(Stored items)

########################################

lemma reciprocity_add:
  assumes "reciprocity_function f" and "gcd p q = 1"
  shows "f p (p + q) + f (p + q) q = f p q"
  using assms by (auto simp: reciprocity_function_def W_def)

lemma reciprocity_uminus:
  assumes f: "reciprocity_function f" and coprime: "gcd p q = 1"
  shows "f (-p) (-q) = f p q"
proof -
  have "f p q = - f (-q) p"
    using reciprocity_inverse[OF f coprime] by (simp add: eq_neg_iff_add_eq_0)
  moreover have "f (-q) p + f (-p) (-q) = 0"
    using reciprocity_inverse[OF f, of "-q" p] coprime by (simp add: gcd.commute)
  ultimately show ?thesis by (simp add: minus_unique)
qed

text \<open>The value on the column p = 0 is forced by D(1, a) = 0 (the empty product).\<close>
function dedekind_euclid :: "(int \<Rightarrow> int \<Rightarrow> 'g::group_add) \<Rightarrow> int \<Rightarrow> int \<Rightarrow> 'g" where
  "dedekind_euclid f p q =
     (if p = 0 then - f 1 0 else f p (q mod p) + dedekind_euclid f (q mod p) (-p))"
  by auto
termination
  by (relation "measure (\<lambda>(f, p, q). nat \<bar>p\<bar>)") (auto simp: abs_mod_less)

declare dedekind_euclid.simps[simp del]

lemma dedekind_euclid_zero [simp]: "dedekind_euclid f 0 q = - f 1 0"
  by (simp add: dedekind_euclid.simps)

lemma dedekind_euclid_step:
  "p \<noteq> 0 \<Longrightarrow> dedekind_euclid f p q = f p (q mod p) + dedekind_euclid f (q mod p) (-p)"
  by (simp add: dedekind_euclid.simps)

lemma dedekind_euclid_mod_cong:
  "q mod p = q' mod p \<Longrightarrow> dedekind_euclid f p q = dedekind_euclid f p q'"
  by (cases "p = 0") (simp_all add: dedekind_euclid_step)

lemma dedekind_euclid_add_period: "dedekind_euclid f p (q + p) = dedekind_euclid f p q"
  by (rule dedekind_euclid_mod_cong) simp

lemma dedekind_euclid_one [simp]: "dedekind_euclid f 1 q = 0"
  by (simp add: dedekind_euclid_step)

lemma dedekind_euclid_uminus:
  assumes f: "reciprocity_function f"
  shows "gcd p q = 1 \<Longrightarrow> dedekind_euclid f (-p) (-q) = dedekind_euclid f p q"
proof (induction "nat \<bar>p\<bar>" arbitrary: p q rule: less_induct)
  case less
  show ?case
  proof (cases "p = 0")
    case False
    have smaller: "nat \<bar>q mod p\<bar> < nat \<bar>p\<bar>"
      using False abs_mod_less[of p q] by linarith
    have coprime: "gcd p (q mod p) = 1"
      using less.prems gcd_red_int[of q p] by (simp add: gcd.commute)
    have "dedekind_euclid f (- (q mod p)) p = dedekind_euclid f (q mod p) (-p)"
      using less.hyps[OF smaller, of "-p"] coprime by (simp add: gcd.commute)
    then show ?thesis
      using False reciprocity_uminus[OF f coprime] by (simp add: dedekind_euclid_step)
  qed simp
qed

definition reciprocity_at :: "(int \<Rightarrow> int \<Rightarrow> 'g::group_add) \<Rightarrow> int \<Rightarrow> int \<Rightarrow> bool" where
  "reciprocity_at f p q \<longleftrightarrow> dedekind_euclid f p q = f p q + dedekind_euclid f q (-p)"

########################################

Activity
Set down each record verbatim.

Answer to this problem
lemma reciprocity_add:
  assumes "reciprocity_function f" and "gcd p q = 1"
  shows "f p (p + q) + f (p + q) q = f p q"
  using assms by (auto simp: reciprocity_function_def W_def)

lemma reciprocity_uminus:
  assumes f: "reciprocity_function f" and coprime: "gcd p q = 1"
  shows "f (-p) (-q) = f p q"
proof -
  have "f p q = - f (-q) p"
    using reciprocity_inverse[OF f coprime] by (simp add: eq_neg_iff_add_eq_0)
  moreover have "f (-q) p + f (-p) (-q) = 0"
    using reciprocity_inverse[OF f, of "-q" p] coprime by (simp add: gcd.commute)
  ultimately show ?thesis by (simp add: minus_unique)
qed

text \<open>The value on the column p = 0 is forced by D(1, a) = 0 (the empty product).\<close>
function dedekind_euclid :: "(int \<Rightarrow> int \<Rightarrow> 'g::group_add) \<Rightarrow> int \<Rightarrow> int \<Rightarrow> 'g" where
  "dedekind_euclid f p q =
     (if p = 0 then - f 1 0 else f p (q mod p) + dedekind_euclid f (q mod p) (-p))"
  by auto
termination
  by (relation "measure (\<lambda>(f, p, q). nat \<bar>p\<bar>)") (auto simp: abs_mod_less)

declare dedekind_euclid.simps[simp del]

lemma dedekind_euclid_zero [simp]: "dedekind_euclid f 0 q = - f 1 0"
  by (simp add: dedekind_euclid.simps)

lemma dedekind_euclid_step:
  "p \<noteq> 0 \<Longrightarrow> dedekind_euclid f p q = f p (q mod p) + dedekind_euclid f (q mod p) (-p)"
  by (simp add: dedekind_euclid.simps)

lemma dedekind_euclid_mod_cong:
  "q mod p = q' mod p \<Longrightarrow> dedekind_euclid f p q = dedekind_euclid f p q'"
  by (cases "p = 0") (simp_all add: dedekind_euclid_step)

lemma dedekind_euclid_add_period: "dedekind_euclid f p (q + p) = dedekind_euclid f p q"
  by (rule dedekind_euclid_mod_cong) simp

lemma dedekind_euclid_one [simp]: "dedekind_euclid f 1 q = 0"
  by (simp add: dedekind_euclid_step)

lemma dedekind_euclid_uminus:
  assumes f: "reciprocity_function f"
  shows "gcd p q = 1 \<Longrightarrow> dedekind_euclid f (-p) (-q) = dedekind_euclid f p q"
proof (induction "nat \<bar>p\<bar>" arbitrary: p q rule: less_induct)
  case less
  show ?case
  proof (cases "p = 0")
    case False
    have smaller: "nat \<bar>q mod p\<bar> < nat \<bar>p\<bar>"
      using False abs_mod_less[of p q] by linarith
    have coprime: "gcd p (q mod p) = 1"
      using less.prems gcd_red_int[of q p] by (simp add: gcd.commute)
    have "dedekind_euclid f (- (q mod p)) p = dedekind_euclid f (q mod p) (-p)"
      using less.hyps[OF smaller, of "-p"] coprime by (simp add: gcd.commute)
    then show ?thesis
      using False reciprocity_uminus[OF f coprime] by (simp add: dedekind_euclid_step)
  qed simp
qed

definition reciprocity_at :: "(int \<Rightarrow> int \<Rightarrow> 'g::group_add) \<Rightarrow> int \<Rightarrow> int \<Rightarrow> bool" where
  "reciprocity_at f p q \<longleftrightarrow> dedekind_euclid f p q = f p q + dedekind_euclid f q (-p)"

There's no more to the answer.